Virginian-Pilot


DATE: Thursday, October 16, 1997            TAG: 9710160562

SECTION: LOCAL                   PAGE: B13  EDITION: FINAL 

SOURCE: FROM WIRE REPORTS

                                            LENGTH:   79 lines




VIRGINIA

CENTRAL

Company tests safer

cigarette, products

to help smokers quit

PETERSBURG - A tiny Virginia tobacco company has obtained federal approval for clinical tests of products that could make it easier for smokers to quit and may also produce a safer cigarette for those who don't.

The tests by Star Tobacco & Pharmaceutical Inc. of Petersburg use a new method to remove some cancer-causing compounds in cigarettes, the company said Tuesday.

The targeted compounds - nitrosamines - are considered a leading cause of lung cancer, which killed 158,000 Americans last year.

The experiments have been approved by the Food and Drug Administration.

Health experts had mixed reactions to the testing.

Dr. Ronald Davis, director of the Center for Health Promotion and Disease Prevention at the Henry Ford Health System in Detroit, said tobacco smoke has at least 43 cancer-causing chemicals. ``So removal of some of them certainly doesn't solve the problem,'' he said.

But Dr. John Slade, a smoking researcher at St. Peter's Medical Center in New Brunswick, N.J., was optimistic.

``Here is a tobacco company really innovating and asking the right questions to modify tobacco,'' said Slade.

FDA officials declined to comment.

Star, which recently added ``Pharmaceutical'' to its name, is a maker of specialty cigarettes such as the brands Buz and Gunsmoke.

Samuel Sears, chairman of Star, said the company has been working on the nitrosamine removal process for more than two years.

Conviction overturned

in 1990 student slaying

RICHMOND - A man's conviction of the 1990 slaying of a college student in Harrisonburg was overturned Wednesday by a federal judge who said the prosecutor withheld key information from the defense.

The information cast doubt on the memory of a key prosecution witness, U.S. District Judge Robert Merhige Jr. said.

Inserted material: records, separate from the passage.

lemma ec_double_moves_at_rate:
  assumes P: "moves_at_rate A B E dE a P z" and "on_curve A B (E z) (P z)" and "snd (P z) \<noteq> 0"
  shows "moves_at_rate A B E dE (2 * a) (\<lambda>w. ec_double A B (E w) (P w)) z"
proof -
  obtain x y where Pz: "P z = (x, y)" by fastforce
  obtain dx dy where dx: "GDERIV (\<lambda>w. fst (P w)) z :> dx" and dy: "GDERIV (\<lambda>w. snd (P w)) z :> dy"
    and P1: "wedge dx dE = - 2 * a * y" and P2: "wedge dy dE = - a * fE_deriv A B (E z) x"
    using P unfolding moves_at_rate_def Pz fst_conv snd_conv by blast
  have dE: "GDERIV E z :> dE" using P unfolding moves_at_rate_def by blast
  define m where "m = fE_deriv A B (E z) x / (2 * y)"
  define t where "t = - 2 * x + E z + m\<^sup>2"
  have y: "y \<noteq> 0" using assms(3) Pz by simp
  have slope: "m * (2 * y) = fE_deriv A B (E z) x" using y unfolding m_def by simp
  have Rz: "ec_double A B (E z) (P z) = (t, - y - m * (t - x))"
    unfolding Pz ec_double_eq Let_def m_def t_def by simp
  obtain dm dt where dm: "(2 * y) *\<^sub>R dm = (6 * x - 2 * E z) *\<^sub>R dx - (2 * x) *\<^sub>R dE - (2 * m) *\<^sub>R dy"
    and dt: "dt = dE - 2 *\<^sub>R dx + (2 * m) *\<^sub>R dm"
    and t: "GDERIV (\<lambda>w. fst (ec_double A B (E w) (P w))) z :> dt"
    and s: "GDERIV (\<lambda>w. snd (ec_double A B (E w) (P w))) z :> - dy - (m *\<^sub>R (dt - dx) + (t - x) *\<^sub>R dm)"
    by (rule GDERIV_ec_double[where A=A and B=B, OF dE dx dy assms(3), unfolded Rz,
          unfolded Pz fst_conv snd_conv m_def[symmetric]])
  have "(2 * y) * wedge dm dE = (6 * x - 2 * E z) * wedge dx dE - 2 * m * wedge dy dE"
    using arg_cong[OF dm, of "\<lambda>g. wedge g dE"] by (simp add: wedge_bilinear)
  also have "\<dots> = (2 * y) * (a * (2 * m\<^sup>2 - 6 * x + 2 * E z))"
    using P1 P2 slope by algebra
  finally have Wm: "wedge dm dE = a * (2 * m\<^sup>2 - 6 * x + 2 * E z)" using y by simp
  have Wt: "wedge dt dE = - 2 * (2 * a) * (- y - m * (t - x))"
    unfolding dt wedge_bilinear using Wm P1 unfolding t_def by algebra
  have "wedge (- dy - (m *\<^sub>R (dt - dx) + (t - x) *\<^sub>R dm)) dE = - (2 * a) * fE_deriv A B (E z) t"
    unfolding wedge_bilinear using Wm Wt P1 P2 slope unfolding t_def fE_deriv_def by algebra
  with dE t s Wt show ?thesis
    unfolding moves_at_rate_def Rz fst_conv snd_conv by blast
qed

lemma uv_valence_of_moves_at_rate:
  assumes P: "moves_at_rate A B E dE c P z" and "dE \<noteq> 0"
    and "open U" and "z \<in> U" and "\<forall>w\<in>U. on_curve A B (E w) (P w)"
  shows "uv_valence c P z"
proof -
  obtain x y where Pz: "P z = (x, y)" by fastforce
  obtain dx dy where dx: "GDERIV (\<lambda>w. fst (P w)) z :> dx" and dy: "GDERIV (\<lambda>w. snd (P w)) z :> dy"
    and P1: "wedge dx dE = - 2 * c * y" and P2: "wedge dy dE = - c * fE_deriv A B (E z) x"
    using P unfolding moves_at_rate_def Pz fst_conv snd_conv by blast
  have dE: "GDERIV E z :> dE" using P unfolding moves_at_rate_def by blast
  have curve: "(2 * y) *\<^sub>R dy = fE_deriv A B (E z) x *\<^sub>R dx + (1 - x\<^sup>2) *\<^sub>R dE"
    using on_curve_gradient[OF assms(3-5) dE dx dy] unfolding Pz by simp
  have "wedge dx dy *\<^sub>R dE = wedge dE dy *\<^sub>R dx + wedge dx dE *\<^sub>R dy"
    by (rule wedge_scaleR_expand)
  also have "\<dots> = - c *\<^sub>R ((2 * y) *\<^sub>R dy - fE_deriv A B (E z) x *\<^sub>R dx)"
    using P1 P2 wedge_antisym[of dE dy] by (simp add: algebra_simps)
  also have "\<dots> = (- c * (1 - x\<^sup>2)) *\<^sub>R dE"
    unfolding curve by simp
  finally have "wedge dx dy = - c * (1 - x\<^sup>2)"
    using assms(2) scaleR_cancel_right by blast
  with dx dy show ?thesis
    unfolding uv_valence_def Pz fst_conv by blast
qed

(* Here dE may vanish (at a singular point of X_E), so the bracket is computed directly instead of
   through uv_valence_of_moves_at_rate. *)
lemma uv_valence_ec_add_fixed_abscissa:
  assumes P: "moves_at_rate A B E dE c P z" and V: "uv_valence c P z" and "on_curve A B (E z) (P z)"
    and dmu: "GDERIV mu z :> k *\<^sub>R dE" and k: "k * (2 * mu z) = 1 - lam\<^sup>2"
    and "(mu z)\<^sup>2 = fE A B (E z) lam" and "fst (P z) \<noteq> lam"
  shows "uv_valence c (\<lambda>w. ec_add (E w) (P w) (lam, mu w)) z"
proof -
  obtain x y where Pz: "P z = (x, y)" by fastforce
  obtain dx dy where dx: "GDERIV (\<lambda>w. fst (P w)) z :> dx" and dy: "GDERIV (\<lambda>w. snd (P w)) z :> dy"
    and P1: "wedge dx dE = - 2 * c * y" and P2: "wedge dy dE = - c * fE_deriv A B (E z) x"
    using P unfolding moves_at_rate_def Pz fst_conv snd_conv by blast
  have V1: "wedge dx dy = - c * (1 - x\<^sup>2)"
    using V GDERIV_unique[OF dx] GDERIV_unique[OF dy] unfolding uv_valence_def Pz fst_conv by blast
  have dE: "GDERIV E z :> dE" using P unfolding moves_at_rate_def by blast
  define m where "m = (y - mu z) / (x - lam)"
  define t where "t = - x - lam + E z + m\<^sup>2"
  have ne: "x \<noteq> lam" using assms(7) Pz by simp
  have mu: "mu z = y + m * (lam - x)" using ne unfolding m_def by (simp add: field_simps)
  have Rz: "ec_add (E z) (P z) (lam, mu z) = (t, - y - m * (t - x))"
    unfolding Pz ec_add_def Let_def m_def t_def by simp
  have cP: "y\<^sup>2 = fE A B (E z) x" and cQ: "(y + m * (lam - x))\<^sup>2 = fE A B (E z) lam"
    using assms(3,6) mu unfolding on_curve_def Pz by simp_all
  have L1: "fE_deriv A B (E z) x - 2 * m * y = (x - lam) * (x - t)"
    using chord_slope[OF cP cQ ne] unfolding t_def by simp
  have dlam: "GDERIV (\<lambda>w. fst (lam, mu w)) z :> 0" and dmu': "GDERIV (\<lambda>w. snd (lam, mu w)) z :> k *\<^sub>R dE"
    using GDERIV_const dmu by simp_all
  obtain dm dt where dm: "(x - lam) *\<^sub>R dm = dy - k *\<^sub>R dE - m *\<^sub>R (dx - 0)"
    and dt: "dt = - dx - 0 + dE + (2 * m) *\<^sub>R dm"
    and t: "GDERIV (\<lambda>w. fst (ec_add (E w) (P w) (lam, mu w))) z :> dt"
    and s: "GDERIV (\<lambda>w. snd (ec_add (E w) (P w) (lam, mu w))) z :> - dy - (m *\<^sub>R (dt - dx) + (t - x) *\<^sub>R dm)"
    by (rule GDERIV_ec_add[where Q = "\<lambda>w. (lam, mu w)", OF dE dx dy dlam dmu', unfolded Rz,
          unfolded Pz fst_conv snd_conv m_def[symmetric], OF ne])
  have Wx: "(x - lam) * wedge dm dx = c * (1 - x\<^sup>2) - 2 * k * c * y"
    using arg_cong[OF dm, of "\<lambda>g. wedge g dx"] P1 V1 wedge_antisym[of dy dx] wedge_antisym[of dE dx]
    by (simp add: wedge_bilinear)
  have Wy: "(x - lam) * wedge dm dy = - k * c * fE_deriv A B (E z) x + m * c * (1 - x\<^sup>2)"
    using arg_cong[OF dm, of "\<lambda>g. wedge g dy"] P2 V1 wedge_antisym[of dE dy]
    by (simp add: wedge_bilinear)
  have "(x - lam) * wedge dm dE = wedge dy dE - m * wedge dx dE"
    using arg_cong[OF dm, of "\<lambda>g. wedge g dE"] by (simp add: wedge_bilinear)
  also have "\<dots> = (x - lam) * (c * (t - x))"
    using P1 P2 L1 by algebra
  finally have WE: "wedge dm dE = c * (t - x)" using ne by simp
  have "(x - lam) * wedge dt (- dy - (m *\<^sub>R (dt - dx) + (t - x) *\<^sub>R dm))
      = (x - lam) * (- c * (1 - t\<^sup>2))"
    unfolding dt wedge_bilinear
    using Wx Wy WE P1 P2 V1 L1 k cP cQ mu
      wedge_antisym[of dx dy] wedge_antisym[of dx dE] wedge_antisym[of dy dE]
      wedge_antisym[of dm dx] wedge_antisym[of dm dy] wedge_antisym[of dm dE]
    unfolding t_def fE_deriv_def fE_def by algebra
  with ne have "wedge dt (- dy - (m *\<^sub>R (dt - dx) + (t - x) *\<^sub>R dm)) = - c * (1 - t\<^sup>2)"
    by (metis mult_cancel_left right_minus_eq)
  with t s show ?thesis
    unfolding uv_valence_def Rz fst_conv by blast
qed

``Whether from good faith or bad, the effect is that these undisclosed materials were suppressed by the prosecution and never disclosed'' to Tommy David Strickler's trial attorney, Merhige said in overturning the conviction.

Prosecutors are required to turn over materials that might impeach the testimony of their witnesses.

Strickler was convicted in September 1990 by an Augusta County Circuit Court jury of the murder, abduction and robbery of Leanne Whitlock.

Whitlock, a student at James Madison University, was taken from the parking lot of a Harrisonburg shopping mall by two men and a woman on Jan. 5, 1990. Her nude body was discovered about a week later, her head crushed by a 69-pound rock.

The state produced a witness who identified Strickler as one of the men who forced their way into Whitlock's car.

But earlier this year, Strickler's lawyers subpoenaed newly discovered notes from a detective who interviewed the witness and letters from the witness to the detective.

According to the notes and letters, the witness at first could not remember being at the mall at the time of the abduction, and if she was there could not identify the woman in the car, the two men who entered the car, or remember any details of the event.

The notes and letters showed that some of what the witness remembered was based on what her 14-year-old daughter recalled. The daughter accompanied her mother to the mall, but did not see the parking lot altercation.

At the trial, the witness testified that she was ``100 percent'' certain of her identification of Strickler and his male companion. But according to the detective's notes, the woman was unable initially to identify either when shown a photo lineup.

``(Her) memory of the events to which she testified appears muddled at best. . . This information, at a minimum, would likely have been extremely valuable in attacking her credibility with the jury, if counsel were not successful in actually barring her testimony altogether,'' Merhige said.

Don Harrison, a spokesman for the state attorney general's office, said the ruling would be appealed to the 4th U.S. Circuit Court of Appeals.